Renter, adopter, or merely a petter, if you were a cat lover, the Colony was for you. In the decade since Mary Nan took Boogie into her heart, the resort had become, quite by accident, a little patch of cat heaven in the paradise of Sanibel. You couldn’t walk five feet without seeing cats hiding under the bushes, strolling across your path, or chasing each other across the lawns. Every day, it seemed, Mary Nan spotted cats lounging on closed screened porches and coming out of bungalows with happy guests, even though they weren’t allowed in the rental units.

And it wasn’t just cats. One afternoon, Mary Nan looked out her window and saw eight cats and two raccoons lying on a bench in the warm winter Sanibel sun. Another time, a guest spotted a raccoon washing its hands in the pool. The wild animals, she realized, had moved right onto the grounds and mixed with the feral cats. Neither group seemed to mind. The cats, in fact, didn’t seem to mind any other animals. Except for the palm rats. Sanibel Island’s least popular guests (with the exception of the big tropical roaches known as palmetto bugs) were the rats that liked to hide in the leaves of the island’s ever-present palm trees. Mary Nan might not have been able to open her eyes without seeing a cat, but she never, not once, saw a palm rat on the grounds of the Colony Resort. Not when there were twenty-eight cats roaming the few acres of ground. And that was just the cats Mary Nan had identified and named.
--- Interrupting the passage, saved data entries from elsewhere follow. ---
lemma decoding_error_indicator:
  assumes X: "finite X" "x \<in> X" and z': "0 < z'" "z' < 1" and z: "1 \<le> z"
    and wrong: "threshold_decoder n N K a \<tau> X t \<noteq> x"
  shows "1 \<le> z' ^ hit_count n N K a x t * exp (- \<tau> * real n * ln z')
            + (\<Sum>y\<in>X - {x}. z ^ hit_count n N K a y t * exp (- \<tau> * real n * ln z))"
    (is "1 \<le> ?own + ?foreign")
proof -
  have pow: "w ^ k * exp (- \<tau> * real n * ln w) = exp ((real k - \<tau> * real n) * ln w)" if "0 < w" for w :: real and k
    using that by (simp add: power_as_exp exp_diff exp_minus field_simps)
  have foreign_nonneg: "0 \<le> ?foreign" using z by (intro sum_nonneg) auto
  from threshold_decoder_wrong[OF X(2) wrong] show ?thesis
  proof
    assume few: "real (hit_count n N K a x t) < \<tau> * real n"
    have "0 \<le> (real (hit_count n N K a x t) - \<tau> * real n) * ln z'"
      using few z' by (intro mult_nonpos_nonpos) auto
    then have "1 \<le> ?own" unfolding pow[OF z'(1)] by simp
    then show ?thesis using foreign_nonneg by linarith
  next
    assume "\<exists>y\<in>X - {x}. \<tau> * real n \<le> real (hit_count n N K a y t)"
    then obtain y where y: "y \<in> X - {x}" "\<tau> * real n \<le> real (hit_count n N K a y t)" by blast
    have "0 \<le> (real (hit_count n N K a y t) - \<tau> * real n) * ln z"
      using y z by (intro mult_nonneg_nonneg) auto
    then have "1 \<le> z ^ hit_count n N K a y t * exp (- \<tau> * real n * ln z)"
      unfolding pow[OF order.strict_trans2[OF zero_less_one z]] by simp
    also have "\<dots> \<le> ?foreign"
      using y z X by (intro member_le_sum) auto
    moreover have "0 \<le> ?own" using z' by simp
    ultimately show ?thesis by linarith
  qed
qed

text \<open>Union and Chernoff bound for the error probability of the threshold decoder, in terms of
  the moment generating functions of the hit counts.\<close>
lemma decoding_error_bound:
  fixes a :: "nat \<Rightarrow> nat \<Rightarrow> nat" and n :: nat
  assumes NK: "0 < N" "0 < K" "K \<le> N" and b: "0 \<le> b" "b \<le> 1"
    and X: "finite X" "x \<in> X" and z': "0 < z'" "z' < 1" and z: "1 \<le> z"
  defines "Tp \<equiv> trans_prob n b (window_protocol n N K a) x"
  shows "(\<Sum>t\<in>{t\<in>words N n. threshold_decoder n N K a \<tau> X t \<noteq> x}. Tp t)
    \<le> exp (- \<tau> * real n * ln z') * (z' * (b + (1 - b) * real K / real N) + (1 - b) * (real N - real K) / real N) ^ n
      + exp (- \<tau> * real n * ln z) * (\<Sum>y\<in>X - {x}. \<Prod>j<n. pair_mgf b N K z (a j x) (a j y))"
proof -
  define e1 where "e1 = exp (- \<tau> * real n * ln z')"
  define e2 where "e2 = exp (- \<tau> * real n * ln z)"
  define B where "B t = z' ^ hit_count n N K a x t * e1 + (\<Sum>y\<in>X - {x}. z ^ hit_count n N K a y t * e2)" for t
  have Tp0: "0 \<le> Tp t" for t unfolding Tp_def using b by (rule trans_prob_nonneg)
  have B0: "0 \<le> B t" for t using z z' unfolding B_def e1_def e2_def by (intro add_nonneg_nonneg sum_nonneg) auto
  have "(\<Sum>t\<in>{t\<in>words N n. threshold_decoder n N K a \<tau> X t \<noteq> x}. Tp t)
      \<le> (\<Sum>t\<in>{t\<in>words N n. threshold_decoder n N K a \<tau> X t \<noteq> x}. Tp t * B t)"
  proof (rule sum_mono)
    fix t assume "t \<in> {t\<in>words N n. threshold_decoder n N K a \<tau> X t \<noteq> x}"
    then have "1 \<le> B t" using decoding_error_indicator[OF X z' z] by (simp add: B_def e1_def e2_def)
    from mult_left_mono[OF this Tp0[of t]] show "Tp t \<le> Tp t * B t" by simp
  qed
  also have "\<dots> \<le> (\<Sum>t\<in>words N n. Tp t * B t)"
    using finite_words Tp0 B0 by (intro sum_mono2) auto
  also have "\<dots> = e1 * (\<Sum>t\<in>words N n. Tp t * z' ^ hit_count n N K a x t)
      + e2 * (\<Sum>y\<in>X - {x}. \<Sum>t\<in>words N n. Tp t * z ^ hit_count n N K a y t)"
    unfolding B_def
    by (simp add: distrib_left sum.distrib sum_distrib_left sum_distrib_right mult_ac sum.swap[of _ "X - {x}"])
  also have "(\<Sum>t\<in>words N n. Tp t * z' ^ hit_count n N K a x t) =
      (z' * (b + (1 - b) * real K / real N) + (1 - b) * (real N - real K) / real N) ^ n"
    unfolding Tp_def mgf_hit_count[OF NK] by (simp add: pair_mgf_same[OF NK])
  also have "(\<Sum>y\<in>X - {x}. \<Sum>t\<in>words N n. Tp t * z ^ hit_count n N K a y t) =
      (\<Sum>y\<in>X - {x}. \<Prod>j<n. pair_mgf b N K z (a j x) (a j y))"
    unfolding Tp_def by (intro sum.cong refl mgf_hit_count[OF NK])
  finally show ?thesis unfolding e1_def e2_def .
qed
Of course, as I know from my adventures with Dewey, there are always people uncomfortable with attempts at fostering feline-human friendship. I’m sure the resort’s board of directors heard plenty of complaints, although I’m also sure they kept them from Mary Nan. They were supportive, perhaps beyond the bounds of rationality, but eventually even the directors had enough. They weren’t opposed to cats on the property, but the current population was way beyond their comfort zone. Despite the protests of some guests, Mary Nan and Larry agreed the cat colony at the Colony Resort would have to be trimmed. It was time. Larry was spending hours every day filling food bowls, inspecting the cats for signs of illness or injury, and repairing cat-damaged items. The outdoor cats, although well cared for, were less healthy than house cats, and leukemia and FIV, the cat form of AIDS, spread widely through the population. The average life expectancy at Colony Resort was only eight or nine years, and putting down so many cats took an emotional toll on Larry and Mary Nan.

It was hardest on Larry, who always took them for their final shots. Putting down Easy, Carl the groundskeeper’s favorite cat, was especially difficult. She was so old and weak, her circulatory system had collapsed, and Larry had to hold her down while the veterinarian poked repeatedly at her backside. She cried, and stared into Larry’s eyes with fear and accusation, until Larry felt like the lowest heel in the world. Then she shut her eyes and died. He left the office crying, with her limp body in his arms, and brought her home to be buried. He was in such an emotional fog, he forgot to pay the veterinary bill.